When you hear that you are required to take a 3 hour lecture course, most people wouldn’t be thrilled, even if it is your favorite topic in the world. So naturally, I assumed Leadership 200L would be long and tiresome. But what could be better than taking the longest class of your life with all your best friends who happen to also be smart, caring, and motivated….nothing really.

Leadership 200 was very different than leadership 100; first, it went from being a “for credit” to 3 credit hours, aka, a lot more work. And, we were already very much acquainted  by second semester, unlike LDR 100. We got into more depth on the philosophical, and theoretical aspects of leadership. I had never really taken much thought to the idea that leadership was study-able, because it was just a natural reaction for me.

I personally presented on the theory of Servant Leadership.  I personally enjoyed this theory as it related to our service project LAS in the D, which I have previously blogged about.  It was one of the theories that I felt to be the most personal. I can honestly say that after researching the theory, I wouldn’t consider myself a servant leader. Yes, I volunteer way more than the average person and I don my part to take care of others, however, I can’t say I possess all the characteristics that make a servant leader. One thing I know about myself is I am very considerate and very empathetic. Many people don’t see that in me. I realized that even though I know how I’m feeling on the inside, I need others to see it on the outside as well. Until I figure out how to expose myself to my followers, I can’t succeed as a servant leader.

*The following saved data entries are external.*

(* Let $A\subset\mathbb{R}^k$ be a nonempty convex set, $\epsilon>0$, and $f=f(A,\epsilon)=(f_1,\dots,f_k)^T$ the map defined in the context. For $x\in(A^\epsilon)^o\setminus\bar A$ let $\theta_i$ be the angle between $x-x_0$ and the $i$-th coordinate axis $e_i$, i.e. $\cos\theta_i=(x-x_0)\cdot e_i/|x-x_0|$. Then for every $i\in\{1,\dots,k\}$, $$\partial_i f_i(x)\ge\cos^2\theta_i\quad\text{for almost every }x\in(A^\epsilon)^o\setminus\bar A.$$
   Context: $|\cdot|$ is the Euclidean norm; $e_1,\dots,e_k$ the standard basis; $\partial_i$ the partial derivative in the $i$-th coordinate; $B^o$ denotes the interior of a set $B$. For a set $A$ and $\epsilon>0$, $A^\epsilon=\{x\in\mathbb{R}^k: d(x,A)\le\epsilon\}$ where $d(x,A)=\inf_{y\in A}|x-y|$; $\bar A$ is the closure of $A$. For $x\in\mathbb{R}^k$ let $x_0$ denote the nearest point to $x$ in $\bar A$. The map $f=f(A,\epsilon)$ is defined by: $f(x)=0$ if $x\in\bar A$; $f(x)=x-x_0$ if $x\in A^\epsilon\setminus\bar A$; and if $x\in\mathbb{R}^k\setminus A^\epsilon$, $f(x)=x_1-x_0$ where $x_1$ is the intersection of the segment $\{x_0+t(x-x_0):t\in[0,1]\}$ with the boundary $\partial A^\epsilon$ of $A^\epsilon$. *)

theory Defs
  imports "HOL-Analysis.Analysis"
begin

definition nbhd :: "'a::euclidean_space set \<Rightarrow> real \<Rightarrow> 'a set" where
  "nbhd A eps = {x. infdist x A \<le> eps}"

definition nearest :: "'a::euclidean_space set \<Rightarrow> 'a \<Rightarrow> 'a" where
  "nearest A x = closest_point (closure A) x"

definition fmap :: "'a::euclidean_space set \<Rightarrow> real \<Rightarrow> 'a \<Rightarrow> 'a" where
  "fmap A eps x =
     (if x \<in> closure A then 0
      else if x \<in> nbhd A eps then x - nearest A x
      else (SOME x1. x1 \<in> closed_segment (nearest A x) x \<and> x1 \<in> frontier (nbhd A eps))
             - nearest A x)"

end

theory Submission
  imports Defs
begin

text \<open>The nearest-point map \<open>p\<close> onto the closed convex set \<open>closure A\<close> is monotone and
  1-Lipschitz, so along each coordinate line \<open>t \<mapsto> p (x + t e\<^sub>i) \<bullet> e\<^sub>i\<close> has difference quotients
  in \<open>[0,1]\<close>. Such a function is an indefinite integral (its Stieltjes measure is dominated by
  Lebesgue measure), hence differentiable almost everywhere, and by Fubini the partial derivative
  \<open>\<partial>\<^sub>i p\<^sub>i\<close> exists almost everywhere. Off \<open>closure A\<close> and inside \<open>A\<^sup>\<epsilon>\<close> we have \<open>f = id - p\<close>,
  so \<open>\<partial>\<^sub>i f\<^sub>i = 1 - \<partial>\<^sub>i p\<^sub>i\<close>. Comparing the variational inequalities at \<open>x\<close> and \<open>x + t e\<^sub>i\<close>
  shows that the increment \<open>p (x + t e\<^sub>i) - p x\<close> has a normal component of order \<open>t\<^sup>2\<close> and
  length at most \<open>t \<surd>q\<close>, where \<open>q\<close> is the difference quotient; since \<open>e\<^sub>i\<close> has tangential part of
  length \<open>sin \<theta>\<^sub>i\<close>, in the limit \<open>\<partial>\<^sub>i p\<^sub>i \<le> sin\<^sup>2 \<theta>\<^sub>i\<close>, i.e. \<open>\<partial>\<^sub>i f\<^sub>i \<ge> cos\<^sup>2 \<theta>\<^sub>i\<close>.\<close>

definition measure_add :: "'a measure \<Rightarrow> 'a measure \<Rightarrow> 'a measure" where
  "measure_add M N = measure_of (space M) (sets M) (\<lambda>A. emeasure M A + emeasure N A)"

lemma sets_measure_add [simp]: "sets (measure_add M N) = sets M"
  unfolding measure_add_def by (simp add: sets.sets_measure_of_eq)

lemma emeasure_measure_add:
  assumes "sets N = sets M" and "A \<in> sets M"
  shows "emeasure (measure_add M N) A = emeasure M A + emeasure N A"
  unfolding measure_add_def
proof (rule emeasure_measure_of_sigma[OF sets.sigma_algebra_axioms _ _ assms(2)])
  show "positive (sets M) (\<lambda>A. emeasure M A + emeasure N A)"
    by (simp add: positive_def)
  show "countably_additive (sets M) (\<lambda>A. emeasure M A + emeasure N A)"
  proof (rule countably_additiveI)
    fix A :: "nat \<Rightarrow> 'a set"
    assume "range A \<subseteq> sets M" "disjoint_family A"
    then show "(\<Sum>i. emeasure M (A i) + emeasure N (A i))
        = emeasure M (\<Union>i. A i) + emeasure N (\<Union>i. A i)"
      using assms(1) by (simp add: suminf_add[symmetric] suminf_emeasure)
  qed
qed

text \<open>The hypotheses \<open>mono g\<close> and \<open>mono (\<lambda>t. t - g t)\<close> used below say that all difference
  quotients of \<open>g\<close> lie in \<open>[0,1]\<close>.\<close>

lemma lipschitz_if_mono_and_mono_diff:
  fixes g :: "real \<Rightarrow> real"
  assumes "mono g" and "mono (\<lambda>t. t - g t)"
  shows "1-lipschitz_on S g"
proof (rule lipschitz_onI)
  show "dist (g s) (g t) \<le> 1 * dist s t" for s t
    using assms[THEN monoD, of s t] assms[THEN monoD, of t s]
    by (cases "s \<le> t") (auto simp: dist_real_def)
qed simp

lemma emeasure_interval_measure_Ioo:
  fixes g :: "real \<Rightarrow> real"
  assumes "mono g" and "continuous_on UNIV g" and "l \<le> u"
  shows "emeasure (interval_measure g) {l<..<u} = g u - g l"
proof -
  have "{l<..<u} = {l<..u} - {u}"
    using assms(3) by auto
  moreover have "emeasure (interval_measure g) {u} = 0"
    using emeasure_interval_measure_Icc[of u u g] assms(1,2) by (simp add: monoD)
  ultimately show ?thesis
    using emeasure_interval_measure_Ioc[of l u g] assms
    by (simp add: emeasure_Diff_null_set null_setsI monoD continuous_on_imp_continuous_within)
qed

I appreciate this class mainly for the internal struggle it forced me to address. I think I am leaving the class with more tools to be a better person and better leader.

 

Pre-Service Reflection

I have only been to Detroit twice and I wasn’t allowed to leave the GM Building. I haven’t experienced a huge urban city, let alone the impoverished communities of Detroit. I’ve heard stories about the downfall of Detroit and the crime that came with it. There are the white flight cities of Detroit and then the enormous homeless and impoverished populations. Many say that Detroit is one of the most racially segregated cities in state. I heard the most about Detroit in my society course in high school. Shockingly, living in Michigan my whole life, I really didn’t know as much as I should have.

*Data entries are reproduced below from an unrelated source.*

section \<open>The roots defining \<open>\<phi>\<close>\<close>

text \<open>The value of \<open>r\<close> with \<open>Q\<^sub>\<infinity>(-ln (s_of r)) = 2r\<^sup>2/(1+r\<^sup>2) = E\<close>.\<close>
definition root_inf :: "real \<Rightarrow> real" where
  "root_inf E = sqrt (E / (2 - E))"

lemma root_inf:
  assumes "0 < E" "E < 1"
  shows "0 < root_inf E" "root_inf E < 1" "root_inf E ^ 2 = E / (2 - E)"
    and "2 * root_inf E ^ 2 / (1 + root_inf E ^ 2) = E"
proof -
  have q: "0 < E / (2 - E)" "E / (2 - E) < 1" using assms by (auto simp: field_simps)
  then show "0 < root_inf E" "root_inf E < 1" by (auto simp: root_inf_def)
  show sq: "root_inf E ^ 2 = E / (2 - E)" using q by (simp add: root_inf_def)
  have "2 - E \<noteq> 0" using assms by simp
  then show "2 * root_inf E ^ 2 / (1 + root_inf E ^ 2) = E" unfolding sq by (simp add: field_simps)
qed

lemma phi_infinite:
  assumes "\<delta> > 0"
  shows "phi \<delta> \<infinity> = - ln (s_of (root_inf (exp (- \<delta>))))"
proof (rule phi_eqI[OF tau_prob_2_infinite])
  have E: "0 < exp (- \<delta>)" "exp (- \<delta>) < 1" using assms by auto
  show "Q \<infinity> (- ln (s_of (root_inf (exp (- \<delta>))))) = ennreal (exp (- \<delta>))"
    unfolding Q_infinite[OF root_inf(1,2)[OF E]] root_inf(4)[OF E] ..
qed

lemma hit_gf_continuous: "continuous_on {0..1} (hit_gf t)"
proof -
  have "(1 + x ^ 2) * (1 + x ^ t) \<noteq> 0" if "x \<in> {0..1::real}" for x
  proof -
    have "0 < 1 + x ^ 2" "0 < 1 + x ^ t" using that by (simp_all add: add_pos_nonneg)
    then show ?thesis by simp
  qed
  then have "continuous_on {0..1} (\<lambda>r::real. 2 * r * (r + r ^ (t - 1)) / ((1 + r ^ 2) * (1 + r ^ t)))"
    by (intro continuous_intros) auto
  then show ?thesis unfolding hit_gf_def[abs_def] .
qed

text \<open>Every level \<open>E \<in> (0,1)\<close> is attained by \<open>hit_gf t\<close> on \<open>(0,1)\<close>, since it runs from \<open>0\<close> to \<open>1\<close>.\<close>
lemma hit_gf_root:
  assumes t: "t \<ge> 2" and E: "0 < E" "E < 1"
  shows "\<exists>b. 0 < b \<and> b < 1 \<and> hit_gf t b = E"
proof -
  have f0: "hit_gf t 0 = 0" and f1: "hit_gf t 1 = 1" by (simp_all add: hit_gf_def)
  obtain b where b: "0 \<le> b" "b \<le> 1" "hit_gf t b = E"
    using IVT'[of "hit_gf t" 0 E 1] hit_gf_continuous f0 f1 E by auto
  moreover have "b \<noteq> 0" "b \<noteq> 1" using b f0 f1 E by auto
  ultimately show ?thesis by (intro exI[of _ b]) auto
qed

lemma phi_finite:
  assumes t: "t \<ge> 2" and "\<delta> > 0"
  shows "\<exists>b. 0 < b \<and> b < 1 \<and> hit_gf t b = exp (- \<delta>) \<and> phi \<delta> (enat t) = - ln (s_of b)"
proof -
  have "0 < exp (- \<delta>)" "exp (- \<delta>) < 1" using assms by auto
  then obtain b where b: "0 < b" "b < 1" "hit_gf t b = exp (- \<delta>)"
    using hit_gf_root[OF t] by blast
  then have "phi \<delta> (enat t) = - ln (s_of b)"
    by (intro phi_eqI[OF tau_prob_2_finite[OF t]]) (simp only: Q_finite[OF t b(1,2)] b(3))
  with b show ?thesis by blast
qed

lemma hit_gf_excess:
  assumes t: "t \<ge> 2" and b: "0 < b" "b < 1"
  shows "0 < hit_gf t b - 2 * b ^ 2 / (1 + b ^ 2)" "hit_gf t b - 2 * b ^ 2 / (1 + b ^ 2) \<le> 2 * b ^ t"
proof -
  obtain k where tk: "t = Suc k" using t by (cases t) auto
  have bt: "0 < b ^ t" "b ^ t < 1" and b2: "b ^ 2 < 1"
    using b t by (auto simp: power_less_one_iff)
  have P: "0 < 1 + b ^ 2" and Q: "0 < 1 + b ^ t" using bt by (auto simp: add_pos_nonneg)
  have frac: "X / (U * V) - Y / U = (X - Y * V) / (U * V)" if "U \<noteq> 0" "V \<noteq> 0" for X Y U V :: real
    using that by (simp add: field_simps)
  have bt_eq: "b ^ t = b * b ^ k" by (simp add: tk)
  have "hit_gf t b - 2 * b ^ 2 / (1 + b ^ 2)
      = 2 * b * (b + b ^ k) / ((1 + b ^ 2) * (1 + b * b ^ k)) - 2 * b ^ 2 / (1 + b ^ 2)"
    unfolding hit_gf_def tk by simp
  also have "\<dots> = (2 * b * (b + b ^ k) - 2 * b ^ 2 * (1 + b * b ^ k)) / ((1 + b ^ 2) * (1 + b * b ^ k))"
    using P Q unfolding bt_eq by (intro frac) auto
  also have "2 * b * (b + b ^ k) - 2 * b ^ 2 * (1 + b * b ^ k) = 2 * (b * b ^ k) * (1 - b ^ 2)"
    by (simp add: power2_eq_square algebra_simps)
  finally have "hit_gf t b - 2 * b ^ 2 / (1 + b ^ 2) = 2 * b ^ t * (1 - b ^ 2) / ((1 + b ^ 2) * (1 + b ^ t))"
    unfolding bt_eq .
  moreover have D: "1 \<le> (1 + b ^ 2) * (1 + b ^ t)"
    using mult_mono[of 1 "1 + b ^ 2" 1 "1 + b ^ t"] bt by simp
  moreover have N: "0 < 2 * b ^ t * (1 - b ^ 2)" "2 * b ^ t * (1 - b ^ 2) \<le> 2 * b ^ t"
    using bt b2 by simp_all
  moreover have "2 * b ^ t * (1 - b ^ 2) / ((1 + b ^ 2) * (1 + b ^ t)) \<le> 2 * b ^ t * (1 - b ^ 2)"
    using D N(1) by (simp add: divide_le_eq mult_le_cancel_left1)
  ultimately show "0 < hit_gf t b - 2 * b ^ 2 / (1 + b ^ 2)"
    "hit_gf t b - 2 * b ^ 2 / (1 + b ^ 2) \<le> 2 * b ^ t"
    by simp_all
qed

lemma root_gap:
  assumes t: "t \<ge> 2" and a: "0 < a" "a < 1" and b: "0 < b" "b < 1"
    and eq: "hit_gf t b = 2 * a ^ 2 / (1 + a ^ 2)"
  shows "b < a" "a - b \<le> 4 * a ^ t / a"
proof -
  define G where "G = a ^ 2 - b ^ 2"
  have pa: "0 < 1 + a ^ 2" and pb: "0 < 1 + b ^ 2" by (auto simp: add_pos_nonneg)
  have "2 * a ^ 2 / (1 + a ^ 2) - 2 * b ^ 2 / (1 + b ^ 2) = 2 * G / ((1 + a ^ 2) * (1 + b ^ 2))"
    using pa pb unfolding G_def by (simp add: field_simps)
  then have G: "0 < 2 * G / ((1 + a ^ 2) * (1 + b ^ 2))" "2 * G / ((1 + a ^ 2) * (1 + b ^ 2)) \<le> 2 * b ^ t"
    using hit_gf_excess[OF t b] eq by simp_all
  then have "0 < G" using mult_pos_pos[OF pa pb] by (simp add: zero_less_divide_iff)
  show ba: "b < a"
  proof (rule ccontr)
    assume "\<not> b < a"
    then have "a ^ 2 \<le> b ^ 2" using a by (intro power_mono) auto
    then show False using \<open>0 < G\<close> by (simp add: G_def)
  qed
  have "(1 + a ^ 2) * (1 + b ^ 2) \<le> 2 * 2"
    using a b pa pb by (intro mult_mono) (auto simp: power_le_one less_imp_le)
  then have "G / 2 \<le> 2 * G / ((1 + a ^ 2) * (1 + b ^ 2))"
    using divide_left_mono[of "(1 + a ^ 2) * (1 + b ^ 2)" 4 "2 * G"] \<open>0 < G\<close> pa pb by simp
  also have "\<dots> \<le> 2 * a ^ t" using G(2) power_mono[of b a t] ba b by simp
  finally have "G \<le> 4 * a ^ t" by simp
  moreover have "a * (a - b) \<le> G"
    unfolding G_def using ba b by (simp add: power2_eq_square algebra_simps mult_left_mono)
  ultimately have "a * (a - b) \<le> 4 * a ^ t" by linarith
  then show "a - b \<le> 4 * a ^ t / a" using a by (simp add: le_divide_eq mult.commute)
qed


lemma Q1_along_even_roots:
  assumes "\<delta> > 0"
  defines "a \<equiv> root_inf (exp (- \<delta>))"
  obtains B where "\<And>m. 1 \<le> m \<Longrightarrow> Q1 (2 * m) (phi \<delta> (enat (2 * m))) = top_hit_gf (2 * m) (B m)"
    and "\<And>m. 1 \<le> m \<Longrightarrow> 0 < B m \<and> B m < a \<and> a - B m \<le> 4 * a ^ (2 * m) / a"
proof -
  have a: "0 < a" "a < 1" "2 * a ^ 2 / (1 + a ^ 2) = exp (- \<delta>)"
    using assms root_inf[of "exp (- \<delta>)"] by auto
  have "\<forall>m. \<exists>b. 1 \<le> m \<longrightarrow> 0 < b \<and> b < 1 \<and> hit_gf (2 * m) b = exp (- \<delta>)
      \<and> phi \<delta> (enat (2 * m)) = - ln (s_of b)"
    using phi_finite[OF _ assms(1)] by simp
  then obtain B where B: "\<And>m. 1 \<le> m \<Longrightarrow> 0 < B m \<and> B m < 1 \<and> hit_gf (2 * m) (B m) = exp (- \<delta>)
      \<and> phi \<delta> (enat (2 * m)) = - ln (s_of (B m))"
    by metis
  show ?thesis
  proof (rule that)
    fix m :: nat assume m: "1 \<le> m"
    show "Q1 (2 * m) (phi \<delta> (enat (2 * m))) = top_hit_gf (2 * m) (B m)"
      using Q1_finite[of "2 * m" "B m"] B[OF m] m by simp
    show "0 < B m \<and> B m < a \<and> a - B m \<le> 4 * a ^ (2 * m) / a"
      using root_gap[of "2 * m" a "B m"] B[OF m] a m by simp
  qed
qed

section \<open>Asymptotics along even \<open>T\<close>\<close>

text \<open>If \<open>0 < a - B m \<le> 4 a\<^sup>2\<^sup>m / a\<close> then \<open>(B m / a)\<^sup>2\<^sup>m \<rightarrow> 1\<close>, by Bernoulli's inequality.\<close>
lemma root_power_ratio:
  fixes a :: real and B :: "nat \<Rightarrow> real"
  assumes a: "0 < a" "a < 1"
    and B: "\<And>m. 1 \<le> m \<Longrightarrow> 0 < B m \<and> B m < a \<and> a - B m \<le> 4 * a ^ (2 * m) / a"
  shows "(\<lambda>m. (B m / a) ^ (2 * m)) \<longlonglongrightarrow> 1"
proof (rule tendsto_sandwich)
  have a2: "a ^ 2 < 1" using a by (simp add: power_less_one_iff)
  have "(\<lambda>m. of_nat m * (a ^ 2) ^ m) \<longlonglongrightarrow> (0::real)"
    by (rule powser_times_n_limit_0) (use a a2 in simp)
  then have "(\<lambda>m. 2 * (of_nat m * (a ^ 2) ^ m)) \<longlonglongrightarrow> (0::real)"
    by (intro tendsto_mult_right_zero)
  then have lim0: "(\<lambda>m. real (2 * m) * a ^ (2 * m)) \<longlonglongrightarrow> 0"
    by (simp add: power_mult mult.assoc)
  have "(\<lambda>m. 1 - 4 * (real (2 * m) * a ^ (2 * m)) / a ^ 2) \<longlonglongrightarrow> 1 - 4 * 0 / a ^ 2"
    using lim0 a by (intro tendsto_intros) auto
  then show "(\<lambda>m. 1 - 4 * (real (2 * m) * a ^ (2 * m)) / a ^ 2) \<longlonglongrightarrow> 1" by simp
  show "eventually (\<lambda>m. 1 - 4 * (real (2 * m) * a ^ (2 * m)) / a ^ 2 \<le> (B m / a) ^ (2 * m)) sequentially"
  proof (rule eventually_mono[OF eventually_ge_at_top[of 1]])
    fix m :: nat assume m: "1 \<le> m"
    define x where "x = B m / a - 1"
    have x: "-1 \<le> x" "- (4 * a ^ (2 * m) / a ^ 2) \<le> x"
      using B[OF m] a by (simp_all add: x_def field_simps power2_eq_square)
    have "1 - 4 * (real (2 * m) * a ^ (2 * m)) / a ^ 2 = 1 + real (2 * m) * (- (4 * a ^ (2 * m) / a ^ 2))"
      by simp
    also have "\<dots> \<le> 1 + real (2 * m) * x" using x by (intro add_left_mono mult_left_mono) auto
    also have "\<dots> \<le> (1 + x) ^ (2 * m)" by (rule Bernoulli_inequality[OF x(1)])
    finally show "1 - 4 * (real (2 * m) * a ^ (2 * m)) / a ^ 2 \<le> (B m / a) ^ (2 * m)"
      by (simp add: x_def)
  qed
  show "eventually (\<lambda>m. (B m / a) ^ (2 * m) \<le> 1) sequentially"
  proof (rule eventually_mono[OF eventually_ge_at_top[of 1]])
    fix m :: nat assume "1 \<le> m"
    then have "0 < B m" "B m < a" using B by auto
    then show "(B m / a) ^ (2 * m) \<le> 1" using a by (intro power_le_one) auto
  qed
qed simp

lemma root_limits:
  fixes a :: real and B :: "nat \<Rightarrow> real"
  assumes a: "0 < a" "a < 1"
    and B: "\<And>m. 1 \<le> m \<Longrightarrow> 0 < B m \<and> B m < a \<and> a - B m \<le> 4 * a ^ (2 * m) / a"
  shows "B \<longlonglongrightarrow> a" "(\<lambda>m. B m ^ (2 * (2 * m))) \<longlonglongrightarrow> 0"
proof -
  have a2: "a ^ 2 < 1" "a ^ 4 < 1" using a by (simp_all add: power_less_one_iff)
  show "B \<longlonglongrightarrow> a"
  proof (rule tendsto_sandwich)
    show "eventually (\<lambda>m. a - 4 * (a ^ 2) ^ m / a \<le> B m) sequentially"
    proof (rule eventually_mono[OF eventually_ge_at_top[of 1]])
      fix m :: nat assume "1 \<le> m"
      then have "a - B m \<le> 4 * a ^ (2 * m) / a" using B by blast
      then show "a - 4 * (a ^ 2) ^ m / a \<le> B m" by (simp add: power_mult)
    qed
    show "eventually (\<lambda>m. B m \<le> a) sequentially"
      by (rule eventually_mono[OF eventually_ge_at_top[of 1]]) (use B in force)
    have "(\<lambda>m. a - 4 * (a ^ 2) ^ m / a) \<longlonglongrightarrow> a - 4 * 0 / a"
      by (intro tendsto_intros LIMSEQ_power_zero) (use a a2 in simp_all)
    then show "(\<lambda>m. a - 4 * (a ^ 2) ^ m / a) \<longlonglongrightarrow> a" by simp
  qed simp
  show "(\<lambda>m. B m ^ (2 * (2 * m))) \<longlonglongrightarrow> 0"
  proof (rule tendsto_sandwich)
    show "eventually (\<lambda>m. 0 \<le> B m ^ (2 * (2 * m))) sequentially"
      by (rule eventually_mono[OF eventually_ge_at_top[of 1]]) (use B in force)
    show "eventually (\<lambda>m. B m ^ (2 * (2 * m)) \<le> (a ^ 4) ^ m) sequentially"
    proof (rule eventually_mono[OF eventually_ge_at_top[of 1]])
      fix m :: nat assume "1 \<le> m"
      then have "0 < B m" "B m < a" using B by auto
      then have "B m ^ (2 * (2 * m)) \<le> a ^ (2 * (2 * m))" by (intro power_mono) auto
      then show "B m ^ (2 * (2 * m)) \<le> (a ^ 4) ^ m" by (simp add: power_mult[symmetric] mult.commute)
    qed
    show "(\<lambda>m. (a ^ 4) ^ m) \<longlonglongrightarrow> 0" using a a2 by (intro LIMSEQ_power_zero) simp
  qed simp
qed

lemma top_hit_gf_asymp:
  fixes a :: real and B :: "nat \<Rightarrow> real"
  assumes a: "0 < a" "a < 1"
    and B: "\<And>m. 1 \<le> m \<Longrightarrow> 0 < B m \<and> B m < a \<and> a - B m \<le> 4 * a ^ (2 * m) / a"
  shows "(\<lambda>m. top_hit_gf (2 * m) (B m)) \<sim>[sequentially] (\<lambda>m. (1 - a ^ 2) / (1 + a ^ 2) * a ^ (2 * m))"
proof (rule asymp_equivI')
  define K where "K = (1 - a ^ 2) / (1 + a ^ 2)"
  have pa: "0 < 1 + a ^ 2" by (simp add: add_pos_nonneg)
  have K: "0 < K" using a pa by (simp add: K_def power_less_one_iff)
  define ratio where
    "ratio m = (B m / a) ^ (2 * m) * ((1 - B m ^ 2) / (1 + B m ^ 2)) / K / (1 - B m ^ (2 * (2 * m)))" for m
  have "ratio \<longlonglongrightarrow> 1 * ((1 - a ^ 2) / (1 + a ^ 2)) / K / (1 - 0)"
    unfolding ratio_def[abs_def] using pa K
    by (intro tendsto_intros root_power_ratio[OF a B] root_limits[OF a B]) auto
  moreover have "a ^ 2 \<noteq> 1" using a by (simp add: power_less_one_iff less_imp_neq)
  ultimately have "ratio \<longlonglongrightarrow> 1" using K pa by (simp add: K_def)
  have "top_hit_gf (2 * m) (B m) / (K * a ^ (2 * m)) = ratio m" if m: "1 \<le> m" for m
  proof -
    have b: "0 < B m" "B m < 1" using B[OF m] a by auto
    have "0 < 1 + B m ^ 2" by (simp add: add_pos_nonneg)
    moreover have "B m ^ (2 * (2 * m)) < 1" using b m by (simp add: power_less_one_iff)
    ultimately show ?thesis
      unfolding top_hit_gf_def ratio_def using K a by (simp add: power_divide field_simps)
  qed
  then have "eventually (\<lambda>m. ratio m = top_hit_gf (2 * m) (B m) / (K * a ^ (2 * m))) sequentially"
    by (intro eventually_mono[OF eventually_ge_at_top[of 1]]) simp
  with \<open>ratio \<longlonglongrightarrow> 1\<close> have "(\<lambda>m. top_hit_gf (2 * m) (B m) / (K * a ^ (2 * m))) \<longlonglongrightarrow> 1"
    by (rule Lim_transform_eventually)
  then show "(\<lambda>m. top_hit_gf (2 * m) (B m) / ((1 - a ^ 2) / (1 + a ^ 2) * a ^ (2 * m))) \<longlonglongrightarrow> 1"
    by (simp only: K_def)
qed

The Leadership Institutes mission is to develop the next generation of ethical leaders. This trip is so special because it is molding leaders other than CMU students. We, as a community, are expanding our reach state wide. As the children we serve ascend to leadership, they will expose others, who will teach others, and in the end we have a world full of ethical leaders. Being a servant leader entails building a community and being a visionary. The LI is recognizing Detroit’s need for help and putting worth actions to serve those who need us most.

I am really looking forward to this trip. I think this cohort has a unique dynamic and fun personality that I believe will give Jalen Rose an excited weekend. I also am excited to serve the Detroit area because I personally believe all of their struggles are things we as their neighbors have the potential to change.